The problem is, the third party placers are playing a numbers game. No
individual is critical in their H1B apps, they just need to have 22% approved
so they can fill their body slots.

The smaller legit direct hire firm has often invested a lot in a potential H1B
usually after really trying very hard to get non visa folks in. The denials
there are brutal.

------
ArtDev
Good. The system is rigged against local workers in favor of global
corporations.

In addition to depressing wages this corrupt system sucks for the H1B workers
too. They can't earn more at another company unless they return to their home
countries and reapply to the system all over again. Which is absurd.

------
Roboprog
How long until executive jobs are offshored as well? What stops that from
happening 10 years after many of the skilled labor jobs are offshored

The only barrier I see is the capital to create competing startups, but places
like China may be well on the way to doing a “head transplant” on much of the
work they have already been doing.

Discuss, pro / con?

------
sn_master
The article isn't talking about denials for FAANG or other reputable
companies.

All the companies in the article are well-known abusers of the H1B visa, and a
primary reason why Indians using the system as intended at top companies have
the huge Green Card backlog.

You'll find endless discussions about those companies dating way before Trump.

------
tracer4201
This sounds like a good thing to me, as long as the visa denials are targeting
the low-skilled Indian coders.

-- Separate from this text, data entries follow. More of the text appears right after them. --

(* The $k$-linear category $k[\Delta_{a,\mathrm{inj}}]$ is free as a left and as a right $u_a(\Omega_a)$-module, where $u_a(\Omega_a)$ denotes the image of the $k$-linear functor $u_a\colon\Omega_a\to k[\Delta_{a,\mathrm{inj}}]$.
   Context: Let $k$ be a field. For a small category $\mathcal C$, $k[\mathcal C]$ is its $k$-linearization: same objects, $k[\mathcal C](x,y)$ the $k$-vector space with basis $\mathrm{Hom}_{\mathcal C}(x,y)$, composition extended bilinearly. $\Delta_{a,\mathrm{inj}}$ is the category with objects $[n]=\{0<1<\dots<n\}$ for $n\ge0$ and $[-1]=\varnothing$, and injective order-preserving maps as morphisms; for $0\le i\le n$ (and $n\ge 0$), $\delta^i\colon[n-1]\to[n]$ is the injective order-preserving map omitting $i$ (so $\delta^0\colon[-1]\to[0]$ is the empty map). $\Omega_a$ is the $k$-linear category with objects $[n]$, $n\ge -1$, generated by arrows $d_n\colon[n-1]\to[n]$ for $n\ge 0$ subject only to the relations $d_{n+1}d_n=0$ for $n\ge0$. The $k$-linear functor $u_a\colon\Omega_a\to k[\Delta_{a,\mathrm{inj}}]$ is the identity on objects and sends $d_n\mapsto\sum_{i=0}^n(-1)^i\delta^i$. *)

theory Defs
  imports Main
begin

text \<open>Objects [n], n \<ge> -1, are encoded by their cardinality c = n+1 :: nat.
A morphism of Delta_{a,inj} is a triple (c, d, f) with source c, target d and
f an injective order-preserving map {0..<c} -> {0..<d} (extended by 0 outside).\<close>

type_synonym mor = "nat \<times> nat \<times> (nat \<Rightarrow> nat)"

definition src :: "mor \<Rightarrow> nat" where "src m = fst m"
definition tgt :: "mor \<Rightarrow> nat" where "tgt m = fst (snd m)"
definition fn :: "mor \<Rightarrow> (nat \<Rightarrow> nat)" where "fn m = snd (snd m)"

definition valid_mor :: "mor \<Rightarrow> bool" where
  "valid_mor m \<longleftrightarrow> strict_mono_on {..<src m} (fn m) \<and> fn m ` {..<src m} \<subseteq> {..<tgt m}
     \<and> (\<forall>i\<ge>src m. fn m i = 0)"

text \<open>composition g \<circ> f (only meaningful when tgt f = src g)\<close>
definition mcomp :: "mor \<Rightarrow> mor \<Rightarrow> mor" where
  "mcomp g f = (src f, tgt g, \<lambda>i. if i < src f then fn g (fn f i) else 0)"

definition idm :: "nat \<Rightarrow> mor" where
  "idm c = (c, c, \<lambda>i. if i < c then i else 0)"

text \<open>delta^i : [c-1] -> [c] in cardinality terms c -> c+1, omitting i (i \<le> c)\<close>
definition delta :: "nat \<Rightarrow> nat \<Rightarrow> mor" where
  "delta c i = (c, Suc c, \<lambda>j. if j < c then (if j < i then j else Suc j) else 0)"

text \<open>Elements of the k-linearization: finitely supported k-valued functions on
morphisms; this is the direct sum of all hom spaces of k[Delta_{a,inj}].\<close>
definition kDelta :: "(mor \<Rightarrow> 'k::field) set" where
  "kDelta = {\<phi>. finite {m. \<phi> m \<noteq> 0} \<and> (\<forall>m. \<phi> m \<noteq> 0 \<longrightarrow> valid_mor m)}"

definition basis_el :: "mor \<Rightarrow> (mor \<Rightarrow> 'k::field)" where
  "basis_el f = (\<lambda>g. if g = f then 1 else 0)"

text \<open>bilinear extension of composition (zero on non-composable pairs)\<close>
definition conv :: "(mor \<Rightarrow> 'k::field) \<Rightarrow> (mor \<Rightarrow> 'k) \<Rightarrow> (mor \<Rightarrow> 'k)" where
  "conv \<psi> \<phi> = (\<lambda>h. \<Sum>p\<in>{(g, f). \<psi> g \<noteq> 0 \<and> \<phi> f \<noteq> 0 \<and> tgt f = src g \<and> mcomp g f = h}.
                    \<psi> (fst p) * \<phi> (snd p))"

text \<open>u_a(d_n) for n = c \<ge> 0: sum_{i=0}^{c} (-1)^i delta^i : [c-1] -> [c]\<close>
definition ua_d :: "nat \<Rightarrow> (mor \<Rightarrow> 'k::field)" where
  "ua_d c = (\<lambda>m. \<Sum>i\<le>c. (-1) ^ i * basis_el (delta c i) m)"

text \<open>image under u_a of the path d_{c+l} ... d_{c+1} : [c-1] -> [c+l-1]
  (the identity for l = 0)\<close>
fun ua_path :: "nat \<Rightarrow> nat \<Rightarrow> (mor \<Rightarrow> 'k::field)" where
  "ua_path c 0 = basis_el (idm c)"
| "ua_path c (Suc l) = conv (ua_d (c + l)) (ua_path c l)"

text \<open>The image u_a(Omega_a): the k-span of the images of all paths of generators
(Omega_a is spanned by such paths), as a subspace of kDelta.\<close>
definition ua_image :: "(mor \<Rightarrow> 'k::field) set" where
  "ua_image = {\<phi>. \<exists>S a. finite S \<and> \<phi> = (\<lambda>m. \<Sum>p\<in>S. a p * ua_path (fst p) (snd p) m)}"

text \<open>M is free as a left B-module (B acting by post-composition): there is a set G
of generators, each g \<in> M living in target y g (i.e. g \<in> \<oplus>_x M(x, y g)), such that every
element of M is uniquely a finite sum  \<Sum> b_g \<circ> g  with b_g \<in> \<oplus>_z B(y g, z).\<close>
definition free_left_module :: "(mor \<Rightarrow> 'k::field) set \<Rightarrow> (mor \<Rightarrow> 'k) set \<Rightarrow> bool" where
  "free_left_module B M \<longleftrightarrow> (\<exists>G y.
     (\<forall>g\<in>G. g \<in> M \<and> (\<forall>m. g m \<noteq> 0 \<longrightarrow> tgt m = y g)) \<and>
     (\<forall>\<phi>\<in>M. \<exists>!b. (\<forall>g. b g \<noteq> (\<lambda>_. 0) \<longrightarrow> g \<in> G) \<and> finite {g. b g \<noteq> (\<lambda>_. 0)} \<and>
        (\<forall>g\<in>G. b g \<in> B \<and> (\<forall>m. b g m \<noteq> 0 \<longrightarrow> src m = y g)) \<and>
        \<phi> = (\<lambda>m. \<Sum>g\<in>{g. b g \<noteq> (\<lambda>_. 0)}. conv (b g) g m)))"

text \<open>right version: B acting by pre-composition\<close>
definition free_right_module :: "(mor \<Rightarrow> 'k::field) set \<Rightarrow> (mor \<Rightarrow> 'k) set \<Rightarrow> bool" where
  "free_right_module B M \<longleftrightarrow> (\<exists>G y.
     (\<forall>g\<in>G. g \<in> M \<and> (\<forall>m. g m \<noteq> 0 \<longrightarrow> src m = y g)) \<and>
     (\<forall>\<phi>\<in>M. \<exists>!b. (\<forall>g. b g \<noteq> (\<lambda>_. 0) \<longrightarrow> g \<in> G) \<and> finite {g. b g \<noteq> (\<lambda>_. 0)} \<and>
        (\<forall>g\<in>G. b g \<in> B \<and> (\<forall>m. b g m \<noteq> 0 \<longrightarrow> tgt m = y g)) \<and>
        \<phi> = (\<lambda>m. \<Sum>g\<in>{g. b g \<noteq> (\<lambda>_. 0)}. conv g (b g) m)))"

end

theory Submission
  imports Defs
begin

text \<open>At every object the image of \<open>u\<^sub>a\<close> is spanned by the identity and by the alternating
  sum \<open>d\<close> of the coface maps (longer paths vanish because \<open>d \<circ> d = 0\<close>). Freeness therefore
  amounts to a basis of \<open>k[\<Delta>\<^sub>a\<^sub>,\<^sub>i\<^sub>n\<^sub>j]\<close> of the form \<open>{f, d \<circ> f}\<close> (left) or \<open>{f, f \<circ> d}\<close>
  (right), \<open>f\<close> running over a set of generators, and such a basis arises from the basis of
  morphisms by a unitriangular change of basis.

  Left: let the leading gap \<open>a(f)\<close> be the number of points of the target below the image
  of \<open>f\<close>. For \<open>i \<le> a(f)\<close> one has \<open>\<delta>\<^sup>i \<circ> f = \<delta>\<^sup>0 \<circ> f\<close>, while for \<open>i > a(f)\<close> the map \<open>\<delta>\<^sup>i \<circ> f\<close>
  has the same leading gap as \<open>f\<close>. So if \<open>a(f)\<close> is even, \<open>d \<circ> f\<close> is \<open>\<delta>\<^sup>0 \<circ> f\<close> plus maps of
  even leading gap, and \<open>f \<mapsto> \<delta>\<^sup>0 \<circ> f\<close> maps the maps of even leading gap bijectively onto
  those of odd leading gap.

  Right: if \<open>f\<close> hits \<open>0\<close>, then \<open>f \<circ> \<delta>\<^sup>0\<close> drops the first point and no longer hits \<open>0\<close>,
  while \<open>f \<circ> \<delta>\<^sup>i\<close>, \<open>i > 0\<close>, still does; and dropping the first point maps the maps
  hitting \<open>0\<close> bijectively onto the maps not hitting \<open>0\<close> other than the identity of \<open>[-1]\<close>.\<close>

lemma src_triple [simp]: "src (c, d, g) = c"
  and tgt_triple [simp]: "tgt (c, d, g) = d"
  and fn_triple [simp]: "fn (c, d, g) = g"
  by (simp_all add: src_def tgt_def fn_def)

I've been at companies where we contracted with
Infosys, Larsen and Toubro, and some other Indian shops. We ended up having
guys in our office who couldn't speak English, lacked an understanding of
basic fundamentals (they've never used source control of any kind or write
2000 line Java methods). Ultimately they delivered garbage and it gave IT a
bad rep at the company. But we kept them on the payroll to "cut costs". The
contracting companies literally don't give a shit (senior managers and
directors would get ball game tickets and other perks under the table), and
management on our side would hold these jobs for these incompetent coders
instead of qualified local talent.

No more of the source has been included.